[GIVEN ENTRIES Boundary: Start]

lemma bij_betw_preimage_inj:
  assumes "bij_betw f P \<Sigma>" "A \<subseteq> \<Sigma>" "B \<subseteq> \<Sigma>" "{q\<in>P. f q \<in> A} = {q\<in>P. f q \<in> B}"
  shows "A = B"
proof -
  have "f ` {q\<in>P. f q \<in> C} = C" if "C \<subseteq> \<Sigma>" for C
  proof
    show "C \<subseteq> f ` {q\<in>P. f q \<in> C}"
    proof
      fix c assume "c \<in> C"
      with that have "c \<in> f ` P" using bij_betw_imp_surj_on[OF assms(1)] by auto
      then obtain q where "q \<in> P" "c = f q" by (rule imageE)
      with \<open>c \<in> C\<close> show "c \<in> f ` {q\<in>P. f q \<in> C}" by simp
    qed
  qed auto
  then have "A = f ` {q\<in>P. f q \<in> A}" "f ` {q\<in>P. f q \<in> B} = B"
    using assms(2,3) by simp_all
  with assms(4) show ?thesis by simp
qed

lemma fulfills_lit_induced:
  assumes universe: "set_universe elts" and partition: "is_partition \<Sigma>"
    and bij: "bij_betw bul P \<Sigma>"
    and blocks: "\<forall>v\<in>lit_vars l. I v \<subseteq> \<Sigma>" and holds: "holds_lit elts (induced_assign I) l"
  shows "fulfills_lit P (T_induced elts \<Sigma> P bul) (\<lambda>v. {q\<in>P. bul q \<in> I v}) l"
proof (cases l)
  case (LUn x y z)
  from LUn blocks have "I x \<subseteq> \<Sigma>" "I y \<union> I z \<subseteq> \<Sigma>" by simp_all
  moreover from LUn holds have "\<Union>(I x) = \<Union>(I y \<union> I z)" by (simp add: induced_assign_def)
  ultimately have "I x = I y \<union> I z" by (rule partition_Union_inj[OF partition])
  with LUn show ?thesis by auto
next
  case (LDiff x y z)
  from LDiff blocks have S: "I x \<subseteq> \<Sigma>" "I y \<subseteq> \<Sigma>" "I z \<subseteq> \<Sigma>" by simp_all
  from LDiff holds have "\<Union>(I x) = \<Union>(I y - I z)"
    by (simp add: induced_assign_def partition_Union_diff[OF partition S(2,3)])
  moreover from S have "I y - I z \<subseteq> \<Sigma>" by blast
  ultimately have "I x = I y - I z" using partition_Union_inj[OF partition S(1)] by simp
  with LDiff show ?thesis by auto
next
  case (LTens x y z)
  from LTens blocks have S: "I x \<subseteq> \<Sigma>" "I y \<subseteq> \<Sigma>" "I z \<subseteq> \<Sigma>" by simp_all
  from LTens holds have "\<Union>(I x) = Upow12 elts (hotimes (I y) (I z))"
    by (simp add: induced_assign_def Upow12_hotimes_eq_votimes)
  then show ?thesis unfolding LTens by (rule fulfills_LTens[OF universe partition bij S]) simp_all
next
  case (LNeq x y)
  from LNeq blocks have S: "I x \<subseteq> \<Sigma>" "I y \<subseteq> \<Sigma>" by simp_all
  from LNeq holds have "I x \<noteq> I y" by (auto simp: induced_assign_def)
  then have "{q\<in>P. bul q \<in> I x} \<noteq> {q\<in>P. bul q \<in> I y}"
    using bij_betw_preimage_inj[OF bij S] by blast
  with LNeq show ?thesis by simp
qed

theorem mainTheorem8:
  fixes elts :: "'a \<Rightarrow> 'a set"
    and \<Phi> :: "'v lit list"
    and \<Sigma> :: "'a set set"
    and I :: "'v \<Rightarrow> 'a set set"
    and P :: "'p set"
    and bul :: "'p \<Rightarrow> 'a set"
  assumes "set_universe elts"
    and "is_partition \<Sigma>"
    and "satisfies_via elts \<Sigma> I \<Phi>"
    and "bij_betw bul P \<Sigma>"
  shows "fulfilling_map P (T_induced elts \<Sigma> P bul) \<Phi> (\<lambda>x. {q\<in>P. bul q \<in> I x})
       \<and> graph_fulfills P (T_induced elts \<Sigma> P bul) \<Phi>"
proof -
  have "fulfills_lit P (T_induced elts \<Sigma> P bul) (\<lambda>x. {q\<in>P. bul q \<in> I x}) l" if "l \<in> set \<Phi>" for l
  proof (rule fulfills_lit_induced[OF assms(1,2,4)])
    show "\<forall>v\<in>lit_vars l. I v \<subseteq> \<Sigma>"
      using assms(3) that unfolding satisfies_via_def Vars_def by blast
    show "holds_lit elts (induced_assign I) l"
      using assms(3) that unfolding satisfies_via_def satisfies_def by blast
  qed
  then have "fulfilling_map P (T_induced elts \<Sigma> P bul) \<Phi> (\<lambda>x. {q\<in>P. bul q \<in> I x})"
    unfolding fulfilling_map_def by blast
  then show ?thesis unfolding graph_fulfills_def by blast
qed

end
lemma insertion_splitD:
  assumes "insertion_split A B l \<rho>1 \<rho>21 \<rho>22 \<rho>11 \<rho>12"
  shows "is_row \<rho>11" "is_row \<rho>12" "closed_row \<rho>11" "\<rho>1 \<equiv>\<^sub>t rcat \<rho>11 \<rho>12"
    "rcat \<rho>11 (RExt l A \<rho>12) \<sim> rcat \<rho>21 (RExt l B \<rho>22)"
    "\<And>\<rho>3. ends_dyn (rcat \<rho>21 \<rho>22) \<Longrightarrow> is_row \<rho>3 \<Longrightarrow> closed_row \<rho>3 \<Longrightarrow>
      rdom \<rho>3 \<inter> rdom (rcat \<rho>21 \<rho>22) = {} \<Longrightarrow>
      rcat \<rho>11 (RExt l A (rcat \<rho>3 \<rho>12)) \<sim> rcat \<rho>21 (RExt l B \<rho>22)"
    "l \<notin> rdom \<rho>11"
  using assms unfolding insertion_split_def by blast+

lemma insertion_split_REmpty:
  assumes "A \<sim> B" "is_row \<rho>1" "\<rho>1 \<sim> \<rho>22"
  shows "insertion_split A B l \<rho>1 REmpty \<rho>22 REmpty \<rho>1"
  using assms unfolding insertion_split_def
  by (auto intro: c_ext eqv_refl is_type_is_row.intros rcat_consistent_left)

lemma insertion_split_refl:
  assumes "A \<sim> B" "closed_row \<rho>21" "is_row \<rho>21" "is_row \<rho>22" "l \<notin> rdom \<rho>21"
  shows "insertion_split A B l (rcat \<rho>21 \<rho>22) \<rho>21 \<rho>22 \<rho>21 \<rho>22"
  using assms unfolding insertion_split_def
  by (auto intro: c_ext c_refl eqv_refl rcat_consistent_cong rcat_consistent_left)
lemma Lplus_outer:
  assumes \<phi>: "\<phi> \<in> De" and \<phi>': "\<phi>' \<in> De"
  shows "Lplus T chi (outer \<phi> \<phi>')
    = madd (madd (gen T (outer \<phi> \<phi>')) (outer (Mop T chi \<phi>) \<phi>')) (outer \<phi> (Mop T chi \<phi>'))"
proof (intro ext)
  fix i j
  have S: "finite {k. \<phi> k \<noteq> 0}" "finite {l. \<phi>' l \<noteq> 0}"
    using \<phi> \<phi>' by (auto simp: De_def)
  have "infsum (\<lambda>k. Mop T chi (basis k) i * outer \<phi> \<phi>' k j) UNIV
      = (\<Sum>k\<in>{k. \<phi> k \<noteq> 0}. \<phi> k * Mop T chi (basis k) i) * cnj (\<phi>' j)"
    using S by (subst infsum_cong_neutral[where T="{k. \<phi> k \<noteq> 0}"])
      (auto simp: outer_def sum_distrib_left mult_ac)
  moreover have "infsum (\<lambda>l. outer \<phi> \<phi>' i l * cnj (Mop T chi (basis l) j)) UNIV
      = \<phi> i * cnj (\<Sum>l\<in>{l. \<phi>' l \<noteq> 0}. \<phi>' l * Mop T chi (basis l) j)"
    using S by (subst infsum_cong_neutral[where T="{l. \<phi>' l \<noteq> 0}"])
      (auto simp: outer_def sum_distrib_left mult_ac)
  ultimately show "Lplus T chi (outer \<phi> \<phi>') i j
    = madd (madd (gen T (outer \<phi> \<phi>')) (outer (Mop T chi \<phi>) \<phi>')) (outer \<phi> (Mop T chi \<phi>')) i j"
    by (simp add: Lplus_def madd_def outer_def Mop_basis_expansion[OF \<phi>] Mop_basis_expansion[OF \<phi>'])
qed

lemma Lplus_braket_outer:
  assumes \<phi>: "\<phi> \<in> De" and \<phi>': "\<phi>' \<in> De" and x: "x \<in> ell2" and y: "y \<in> ell2"
  shows "braket x (Lplus T chi (outer \<phi> \<phi>')) y = braket x (gen T (outer \<phi> \<phi>')) y
     + cinner x (Mop T chi \<phi>) * cinner \<phi>' y + cinner x \<phi> * cinner (Mop T chi \<phi>') y"
proof -
  have "trace_class (gen T (outer \<phi> \<phi>'))"
    using De2_outer[OF \<phi> \<phi>'] core by (auto intro: trace_class_gen[OF qds])
  moreover have "trace_class (outer (Mop T chi \<phi>) \<phi>')" "trace_class (outer \<phi> (Mop T chi \<phi>'))"
    using Mop_ell2[OF \<phi>] Mop_ell2[OF \<phi>'] De_imp_ell2[OF \<phi>] De_imp_ell2[OF \<phi>']
    by (auto intro: trace_class_outer)
  ultimately show ?thesis
    using x y by (simp add: Lplus_outer[OF \<phi> \<phi>'] braket_madd trace_class_madd braket_outer)
qed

[GIVEN ENTRIES Boundary: End]

TASK
Check each line of the listing above. Copy it if it holds the string "proof".

EXERCISE RESPONSE
proof -
  proof
    proof
proof (cases l)
proof -
  proof (rule fulfills_lit_induced[OF assms(1,2,4)])
proof (intro ext)
proof -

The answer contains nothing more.